I believe that EAV would require me to have a table defining the fields for each import / data capture spec and then another table with the import - field - values data and that seems impracticle.
I hate storing XML in the database, but this is a perfect example of when it makes sense. Store the user imports in XML initially. As your data schema matures, you can later decide which tables to persist for your larger clients. When the users pick which fields they want to query, that's when you come back and build a solid schema.
What kind is each field? Could the type of field be different for each record?
I am working on a program now that does this sorta and the way we handle it is basically a record table which points to a recordfield table. the recordfield table contains all of the fields along with the field name of the actual field in the database(the column name). We then have a recorddata table which is where all the data goes for each record. We also store a record_id telling it which record it is holding.
This is how we do it where if each column for the record is the same type, then we don't need to add new columns to the table, and if it has more fields or fields of a different type, then we add fields as appropriate to the data table.
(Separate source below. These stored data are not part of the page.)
theorem theorem3p1:
  fixes T :: "'a::complete_space \<Rightarrow> 'a"
    and f :: "real \<Rightarrow> real"
    and \<psi> \<phi> :: "real \<Rightarrow> real"
    and F :: "real \<Rightarrow> real \<Rightarrow> real"
  assumes f_pos: "\<forall>t\<ge>0. f t > 0"
    and f_int: "\<forall>e\<ge>0. set_integrable lborel {0..e} f"
    and f_int_pos: "\<forall>\<epsilon>>0. (LINT t:{0..\<epsilon>}|lborel. f t) > 0"
    and psi: "Psi \<psi>" and phi: "Phi_u \<phi>" and F: "C_class F"
    and contr: "\<exists>\<alpha>. 0 < \<alpha> \<and> \<alpha> \<le> 1/2 \<and>
       (\<forall>x y. \<alpha> * dist x (T x) \<le> dist x y \<longrightarrow>
          \<psi> (LINT t:{0..dist (T x) (T y)}|lborel. f t)
            \<le> F (\<psi> (LINT t:{0..dist x y}|lborel. f t)) (\<phi> (LINT t:{0..dist x y}|lborel. f t)))"
  shows "\<exists>a. T a = a \<and> (\<forall>b. T b = b \<longrightarrow> b = a) \<and>
           (\<forall>x. (\<lambda>n. (T ^^ n) x) \<longlonglongrightarrow> a)"
proof -
  obtain \<alpha> where "0 < \<alpha>" "\<alpha> \<le> 1/2" and contr_\<alpha>: "\<forall>x y. \<alpha> * dist x (T x) \<le> dist x y \<longrightarrow>
          \<psi> (LINT t:{0..dist (T x) (T y)}|lborel. f t)
            \<le> F (\<psi> (LINT t:{0..dist x y}|lborel. f t)) (\<phi> (LINT t:{0..dist x y}|lborel. f t))"
    using contr by blast
  have f_int': "\<And>e. 0 \<le> e \<Longrightarrow> set_integrable lborel {0..e} f"
    and f_nonneg: "\<And>t. 0 \<le> t \<Longrightarrow> 0 \<le> f t"
    using f_int f_pos by (auto intro: less_imp_le)
  have "suzuki_contraction T \<alpha> (\<lambda>s. \<psi> (LINT t:{0..s}|lborel. f t))
          (\<lambda>s. F (\<psi> (LINT t:{0..s}|lborel. f t)) (\<phi> (LINT t:{0..s}|lborel. f t)))"
  proof (rule suzuki_contraction_altering_distance[OF psi phi F])
    show "strict_mono_on {0..} (\<lambda>s. LINT t:{0..s}|lborel. f t)"
      using f_pos by (intro strict_mono_on_set_integral_from_0[OF f_int']) auto
  qed (use continuous_on_set_integral_from_0[OF f_int']
        set_integral_from_0_nonneg[OF f_int' f_nonneg] \<open>0 < \<alpha>\<close> \<open>\<alpha> \<le> 1/2\<close> contr_\<alpha> in auto)
  then show ?thesis by (rule suzuki_contraction_fixed_point)
qed

end
lemma output_unstableD:
  assumes A: "A \<in> carrier_mat (Suc m) (Suc m)" and ou: "output_unstable A"
  shows "hurwitz (leading_block A m)" and "A $$ (m, m) > 0"
proof -
  show "hurwitz (leading_block A m)"
    using ou A by (simp add: output_unstable_def S_mat_compression)
  have "unit_vec (Suc m) m \<bullet> (A *\<^sub>v unit_vec (Suc m) m) = A $$ (m, m)"
    using A by simp
  then show "A $$ (m, m) > 0"
    using ou A by (simp add: output_unstable_def)
qed

lemma unit_vec_solution_row:
  assumes A: "A \<in> carrier_mat (Suc m) (Suc m)" and w: "w \<in> carrier_vec (Suc m)"
    and Aw: "A *\<^sub>v w = unit_vec (Suc m) m" and i: "i < Suc m"
  shows "(\<Sum>k<m. A $$ (i, k) * w $ k) + A $$ (i, m) * w $ m = (if i = m then 1 else 0)"
  using arg_cong[OF Aw, of "\<lambda>x. x $ i"] index_mult_mat_vec_sum[OF A w i] i by simp

lemma output_unstable_inverse_last_pos:
  assumes A: "A \<in> carrier_mat (Suc m) (Suc m)" and metz: "metzler A" and ou: "output_unstable A"
    and w: "w \<in> carrier_vec (Suc m)" and Aw: "A *\<^sub>v w = unit_vec (Suc m) m"
  shows "w $ m > 0"
proof (rule ccontr)
  assume "\<not> w $ m > 0"
  then have wm: "w $ m \<le> 0" by simp
  note row = unit_vec_solution_row[OF A w Aw]
  define M where "M = leading_block A m"
  have M: "M \<in> carrier_mat m m" "metzler M" "hurwitz M"
    using metzler_leading_block[OF A metz] output_unstableD(1)[OF A ou] by (auto simp: M_def leading_block_def)
  define y where "y = vec m (\<lambda>k. w $ k)"
  have y: "y \<in> carrier_vec m" by (simp add: y_def)
  have "(M *\<^sub>v y) $ i \<ge> 0" if i: "i < m" for i
  proof -
    have "(M *\<^sub>v y) $ i = - A $$ (i, m) * w $ m"
      unfolding index_mult_mat_vec_sum[OF M(1) y i]
      using row[of i] i by (simp add: M_def leading_block_def y_def eq_neg_iff_add_eq_0)
    also have "\<dots> \<ge> 0"
      using metzlerD[OF metz A, of i m] i wm by (simp add: mult_nonneg_nonpos)
    finally show ?thesis .
  qed
  then have "w $ k \<le> 0" if "k < m" for k
    using metzler_hurwitz_comparison[OF M y _ that] that by (simp add: y_def)
  then have "(\<Sum>k<m. A $$ (m, k) * w $ k) \<le> 0"
    using metzlerD[OF metz A] by (intro sum_nonpos mult_nonneg_nonpos) auto
  moreover have "A $$ (m, m) * w $ m \<le> 0"
    using output_unstableD(2)[OF A ou] wm by (simp add: mult_nonneg_nonpos)
  ultimately show False using row[of m] by simp
qed

lemma output_unstable_eigen_bound:
  fixes v :: "complex vec" and l :: complex
  assumes A: "A \<in> carrier_mat (Suc m) (Suc m)" and metz: "metzler A" and ou: "output_unstable A"
    and w: "w \<in> carrier_vec (Suc m)" and Aw: "A *\<^sub>v w = unit_vec (Suc m) m" and l: "Re l \<ge> 0"
    and eq: "\<forall>i<m. l * v $ i = (\<Sum>k<Suc m. complex_of_real (A $$ (i, k)) * v $ k)"
    and k: "k < m"
  shows "cmod (v $ k) \<le> w $ k / w $ m * cmod (v $ m)"
proof -
  have wm: "w $ m > 0" by (rule output_unstable_inverse_last_pos[OF A metz ou w Aw])
  define M where "M = leading_block A m"
  have M: "M \<in> carrier_mat m m" "metzler M" "hurwitz M"
    using metzler_leading_block[OF A metz] output_unstableD(1)[OF A ou] by (auto simp: M_def leading_block_def)
  define p b where "p = vec m (\<lambda>k. w $ k / w $ m)" and "b = vec m (\<lambda>i. A $$ (i, m))"
  have p: "p \<in> carrier_vec m" by (simp add: p_def)
  have Mp: "(M *\<^sub>v p) $ i + b $ i = 0" if i: "i < m" for i
  proof -
    have S: "(\<Sum>k<m. A $$ (i, k) * w $ k) = - A $$ (i, m) * w $ m"
      using unit_vec_solution_row[OF A w Aw, of i] i by (simp add: eq_neg_iff_add_eq_0)
    have "(M *\<^sub>v p) $ i = (\<Sum>k<m. A $$ (i, k) * w $ k) / w $ m"
      unfolding index_mult_mat_vec_sum[OF M(1) p i]
      using i by (simp add: M_def leading_block_def p_def sum_divide_distrib)
    also have "\<dots> = - A $$ (i, m) * w $ m / w $ m"
      by (simp only: S)
    finally show ?thesis using i wm by (simp add: b_def)
  qed
  have "cmod (vec m (\<lambda>k. v $ k) $ k) \<le> p $ k * cmod (v $ m)"
    using M p Mp metzlerD[OF metz A] eq l k
    by (intro metzler_hurwitz_resolvent_bound[of M m p b]) (auto simp: b_def M_def leading_block_def)
  then show ?thesis using k by (simp add: p_def)
qed

lemma output_unstable_eigen_last_row_bound:
  fixes v :: "complex vec" and l :: complex
  assumes A: "A \<in> carrier_mat (Suc m) (Suc m)" and metz: "metzler A" and ou: "output_unstable A"
    and w: "w \<in> carrier_vec (Suc m)" and Aw: "A *\<^sub>v w = unit_vec (Suc m) m" and l: "Re l \<ge> 0"
    and eq: "\<forall>i<m. l * v $ i = (\<Sum>k<Suc m. complex_of_real (A $$ (i, k)) * v $ k)"
  shows "cmod (\<Sum>k<m. complex_of_real (A $$ (m, k)) * v $ k) \<le> (1 / w $ m - A $$ (m, m)) * cmod (v $ m)"
proof -
  have "cmod (\<Sum>k<m. complex_of_real (A $$ (m, k)) * v $ k)
      \<le> (\<Sum>k<m. A $$ (m, k) * (w $ k / w $ m * cmod (v $ m)))"
  proof (intro order.trans[OF norm_sum] sum_mono)
    fix k assume "k \<in> {..<m}"
    then have Amk: "A $$ (m, k) \<ge> 0" and vk: "cmod (v $ k) \<le> w $ k / w $ m * cmod (v $ m)"
      using metzlerD[OF metz A, of m k] output_unstable_eigen_bound[OF A metz ou w Aw l eq] by auto
    have "cmod (complex_of_real (A $$ (m, k)) * v $ k) = A $$ (m, k) * cmod (v $ k)"
      using Amk by (simp add: norm_mult)
    also have "\<dots> \<le> A $$ (m, k) * (w $ k / w $ m * cmod (v $ m))"
      using vk Amk by (rule mult_left_mono)
    finally show "cmod (complex_of_real (A $$ (m, k)) * v $ k) \<le> A $$ (m, k) * (w $ k / w $ m * cmod (v $ m))" .
  qed
  also have "\<dots> = (\<Sum>k<m. A $$ (m, k) * w $ k) / w $ m * cmod (v $ m)"
    unfolding sum_divide_distrib sum_distrib_right by (rule sum.cong) auto
  also have "\<dots> = (1 / w $ m - A $$ (m, m)) * cmod (v $ m)"
    using unit_vec_solution_row[OF A w Aw, of m] output_unstable_inverse_last_pos[OF A metz ou w Aw]
    by (simp add: eq_diff_eq[symmetric] diff_divide_distrib)
  finally show ?thesis .
qed

section \<open>The linearised closed loop\<close>

lemma Re_loop_transfer_nonneg:
  fixes l :: complex and c d :: real
  assumes l: "Re l \<ge> 0" "l \<noteq> 0" and c: "c > 0" and d: "d > 0"
  shows "Re ((l + d) / (l * (l + c + d))) \<ge> 0"
proof -
  define p q where "p = 1 / l" and "q = 1 / (l + c + d)"
  have nz: "l + c + d \<noteq> 0" "complex_of_real c + d \<noteq> 0"
    using l c d by (auto simp: complex_eq_iff)
  have "(l + d) / (l * (l + c + d)) = complex_of_real (d / (c + d)) * p + complex_of_real (c / (c + d)) * q"
    using nz l by (simp add: p_def q_def divide_simps) (simp add: algebra_simps)
  moreover have "Re p \<ge> 0" "Re q \<ge> 0"
    using l c d by (simp_all add: p_def q_def Re_complex_div_ge_0)
  ultimately show ?thesis
    using c d by simp
qed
I think this is what you are talking about.. correct me if I'm wrong.
I think that one additional table for each type of user defined field for the table that the user can add the fields to is a good way to go.
Say you load your records into user_records(id), that table would have an id column which is a foreign key in the user defined fields tables.
user defined string fields would go in user_records_string(id, name), where id is a foreign key to user_records(id), and name is a string, or a foreign key to a list of user defined string fields.
Searching on them requires joining them in to the base table, probably with a sub-select to filter down to one field based on the user meta-data, so that the right field can be added to the query.
To simulate the user creating multiple tables, you can have a foreign key in the user_records table that points at a table list, and filter on that when querying for a single table.
This would allow your schema to be static while allowing the user to arbitrarily add fields and tables.